Weigel

New Arrivals in the Political Blogosphere

I’m Sasha Issenberg, normally the author of leisurely pieces here at Slate about the science of campaigns under the Victory Lab flag. (My book on the subject, The Victory Lab: The Secret Science of Winning Campaigns, will be out in September — but never too early to pre-order.) I apologize in advance for my physiological inability to keep up with Weigel’s blogging metabolism over the next month as Dave steps away to tend to other projects for a month.

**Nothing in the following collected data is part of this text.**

lemma sigma_pairs_in_D_SLB:
  assumes "is_quad p t"
  shows "frag_of (gen_of_quad t) + frag_of (gen_of_quad (sigma1 t)) \<in> D_SLB p 2"
    "frag_of (gen_of_quad t) + frag_of (gen_of_quad (sigma2 t)) \<in> D_SLB p 2"
  unfolding act_gen_of_quad[OF assms, symmetric]
  by (intro rho_pair_in_D_SLB gen_of_quad_in_LB[OF assms]; simp)+

lemma sigma12_diff_in_D_SLB:
  assumes "is_quad p t"
  shows "frag_of (gen_of_quad t) - frag_of (gen_of_quad (sigma12 t)) \<in> D_SLB p 2"
proof -
  have "is_quad p (sigma1 t)"
    using is_quad_orbit[OF assms sigma_in_orbit(1)] .
  then have "(frag_of (gen_of_quad t) + frag_of (gen_of_quad (sigma1 t)))
      - (frag_of (gen_of_quad (sigma1 t)) + frag_of (gen_of_quad (sigma2 (sigma1 t)))) \<in> D_SLB p 2"
    using sigma_pairs_in_D_SLB assms subgroup_free_Abelian_group_diff_closed[OF subgroup_D_SLB] by blast
  then show ?thesis
    by simp
qed

lemma gen_minus_normal_form_2_in_D_SLB:
  assumes "is_quad p t"
  shows "frag_of (gen_of_quad t) - normal_form_2 p (gen_of_quad t) \<in> D_SLB p 2"
proof (cases "degenerate t")
  case True
  then have "frag_of (gen_of_quad t) \<in> D_SLB p 2"
    using degenerate_in_D_SLB[OF gen_of_quad_in_LB[OF assms], of 0] by (cases t) simp
  then show ?thesis
    using True assms by (simp add: normal_form_2_gen_of_quad orient_def)
next
  case False
  have "Min (orbit t) \<in> {t, sigma1 t, sigma2 t, sigma12 t}"
    using Min_orbit_in_orbit by (simp only: orbit_def)
  then consider "Min (orbit t) = t"
    | "Min (orbit t) = sigma12 t" "Min (orbit t) \<noteq> t"
    | "Min (orbit t) = sigma1 t" "Min (orbit t) \<notin> {t, sigma12 t}"
    | "Min (orbit t) = sigma2 t" "Min (orbit t) \<notin> {t, sigma12 t}"
    by blast
  then show ?thesis
  proof cases
    case 1
    then show ?thesis
      using False assms subgroup.one_closed[OF subgroup_D_SLB]
      by (simp add: normal_form_2_gen_of_quad orient_def)
  qed (use False assms sigma12_diff_in_D_SLB sigma_pairs_in_D_SLB
      in \<open>simp_all add: normal_form_2_gen_of_quad orient_def\<close>)
qed

lemma frag_extend_normal_form_2_relator:
  assumes "odd p" "r \<in> D_lb_gens p 2 \<union> D_rho_gens p 2"
  shows "frag_extend (normal_form_2 p) r = 0 \<or>
    (\<exists>m k. is_quad p m \<and> sigma1 m = m \<and> frag_extend (normal_form_2 p) r = frag_cmul (2 * k) (frag_of (gen_of_quad m)))"
  using assms(2)
proof (cases rule: relator_2_cases)
  case (degenerate t)
  then show ?thesis
    by (simp add: normal_form_2_gen_of_quad orient_def)
next
  case (rho t s)
  let ?m = "Min (orbit t)"
  have s: "s \<in> orbit t"
    using rho(2) sigma_in_orbit by blast
  have sum: "frag_extend (normal_form_2 p) r = frag_cmul (orient t + orient s) (frag_of (gen_of_quad ?m))"
    using rho(1,3) normal_form_2_gen_of_quad[OF is_quad_orbit[OF rho(1) s]] orbit_eq[OF s]
    by (simp add: normal_form_2_gen_of_quad frag_extend_add frag_cmul_distrib)
  show ?thesis
  proof (cases "sigma1 t = t")
    case True
    then have "orient s = orient t"
      using orient_sigma2_of_sigma1_fixed[OF rho(1)] rho(2) by auto
    then have "frag_extend (normal_form_2 p) r = frag_cmul (2 * orient t) (frag_of (gen_of_quad ?m))"
      using sum by simp
    moreover have "is_quad p ?m"
      by (rule is_quad_orbit[OF rho(1) Min_orbit_in_orbit])
    moreover have "sigma1 ?m = ?m"
      using sigma1_fixed_orbit[OF Min_orbit_in_orbit[of t]] True by simp
    ultimately show ?thesis
      by blast
  next
    case False
    then have "orient s = - orient t"
      using orient_sigma_flip[OF assms(1) rho(1) False] rho(2) by auto
    then show ?thesis
      using sum by simp
  qed
qed

lemma lookup_frag_extend_normal_form_2_relator:
  assumes "odd p" "r \<in> D_lb_gens p 2 \<union> D_rho_gens p 2" "t \<in> orbit_minima p" "sigma1 t \<noteq> t"
  shows "Poly_Mapping.lookup (frag_extend (normal_form_2 p) r) (gen_of_quad t) = 0"
proof -
  from frag_extend_normal_form_2_relator[OF assms(1,2)] consider
      "frag_extend (normal_form_2 p) r = 0"
    | m k where "is_quad p m" "sigma1 m = m"
        "frag_extend (normal_form_2 p) r = frag_cmul (2 * k) (frag_of (gen_of_quad m))"
    by blast
  then show ?thesis
  proof cases
    case 2
    have "gen_of_quad m \<noteq> gen_of_quad t"
      using inj_onD[OF inj_on_gen_of_quad[of p], of m t] 2 assms(3,4) by (auto simp: orbit_minima_def)
    then show ?thesis
      using 2 by simp
  qed simp
qed

lemma torsion_2_in_D_SLB:
  assumes "t \<in> orbit_minima p" "sigma1 t = t"
  shows "frag_cmul 2 (frag_of (gen_of_quad t)) \<in> D_SLB p 2"
  using sigma_pairs_in_D_SLB(1)[of p t] assms by (simp add: frag_cmul_2 orbit_minima_def)

lemma normal_form_presentation_2:
  assumes "odd p"
  shows "normal_form_presentation (LB p 2) (D_lb_gens p 2 \<union> D_rho_gens p 2)
    (gen_of_quad ` {t \<in> orbit_minima p. sigma1 t \<noteq> t}) (gen_of_quad ` {t \<in> orbit_minima p. sigma1 t = t})
    (normal_form_2 p)"
proof (unfold_locales, fold D_SLB_eq)
  let ?Zs = "gen_of_quad ` {t \<in> orbit_minima p. sigma1 t \<noteq> t}"
  let ?Ts = "gen_of_quad ` {t \<in> orbit_minima p. sigma1 t = t}"
  have minima_split: "gen_of_quad ` orbit_minima p = ?Zs \<union> ?Ts"
    by blast
  have "gen_of_quad ` orbit_minima p \<subseteq> LB p 2"
    by (auto simp: LB_2_eq orbit_minima_def)
  then show Zs: "?Zs \<subseteq> LB p 2" and Ts: "?Ts \<subseteq> LB p 2"
    by auto
  show "finite ?Zs"
    by (rule finite_subset[OF Zs finite_LB])
  show "finite ?Ts"
    by (rule finite_subset[OF Ts finite_LB])
  have "s = t" if "gen_of_quad s = gen_of_quad t" "s \<in> orbit_minima p" "t \<in> orbit_minima p" for s t
    using inj_onD[OF inj_on_gen_of_quad[of p] that(1)] that(2,3) by (auto simp: orbit_minima_def)
  then show "?Zs \<inter> ?Ts = {}"
    by blast
  show "D_lb_gens p 2 \<union> D_rho_gens p 2 \<subseteq> carrier (free_Abelian_group (LB p 2))"
    by (rule relators_subset_carrier)
  show "Poly_Mapping.keys (normal_form_2 p xs) \<subseteq> ?Zs \<union> ?Ts" if "xs \<in> LB p 2" for xs
    using that keys_normal_form_2 unfolding LB_2_eq minima_split[symmetric] by blast
  show "normal_form_2 p z = frag_of z" if "z \<in> ?Zs \<union> ?Ts" for z
    using that normal_form_2_orbit_minimum by blast
  show "frag_of xs - normal_form_2 p xs \<in> D_SLB p 2" if "xs \<in> LB p 2" for xs
    using that gen_minus_normal_form_2_in_D_SLB unfolding LB_2_eq by blast
  show "Poly_Mapping.lookup (frag_extend (normal_form_2 p) r) z = 0"
    if "r \<in> D_lb_gens p 2 \<union> D_rho_gens p 2" "z \<in> ?Zs" for r z
    using that lookup_frag_extend_normal_form_2_relator[OF assms] by blast
  show "even (Poly_Mapping.lookup (frag_extend (normal_form_2 p) r) z)"
    if "r \<in> D_lb_gens p 2 \<union> D_rho_gens p 2" for r z
    using frag_extend_normal_form_2_relator[OF assms that] by (elim disjE exE conjE) simp_all
  show "frag_cmul 2 (frag_of z) \<in> D_SLB p 2" if "z \<in> ?Ts" for z
    using that torsion_2_in_D_SLB by blast
qed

It feels somehow auspicious to be joining the blogosphere the same week as an impressive trifecta of political scientists who will devote their new Mischiefs of Faction to the compelling and generally undercovered subject of political parties: Georgetown’s Hans Noel (author of the The Party Decides, which you should have been reading this winter), the University of Denver’s Seth Masket, and the University of Miami’s Gregory Koger. 

Masket’s maiden post, nicely timed to the day Mitt Romney clinched the nomination, offers a compelling twist on the question of how inevitable that outcome was. While many have concluded that Romney managed to win despite being a flip-flopper, Masket argues it could have turned out no other way:

No one taking the stances Romney needed to take to win this year could have had the sort of résumé needed to be a typical major party nominee. The Republican Party has been moving to the right very quickly in recent years. Almost no one taking the stances that Romney is taking now could have been elected as a senator or a governor from most states just a few years ago. So, if you were consistently conservative (like, say, Bachmann or Santorum), you were either doomed to service in the House or to being kicked out of the Senate. If you had a presidential résumé, conversely, it was probably because your views were pretty moderate a few years ago. Arguably, the only person who can get nominated in the current Republican Party is someone who has pivoted to the right rapidly in the past decade. Rapid polarization makes flip-flopping a necessity.

Pay them a courtesy call in one of the hours when Jeremy Stahl and I fail to produce new content at a Weigel-like clip.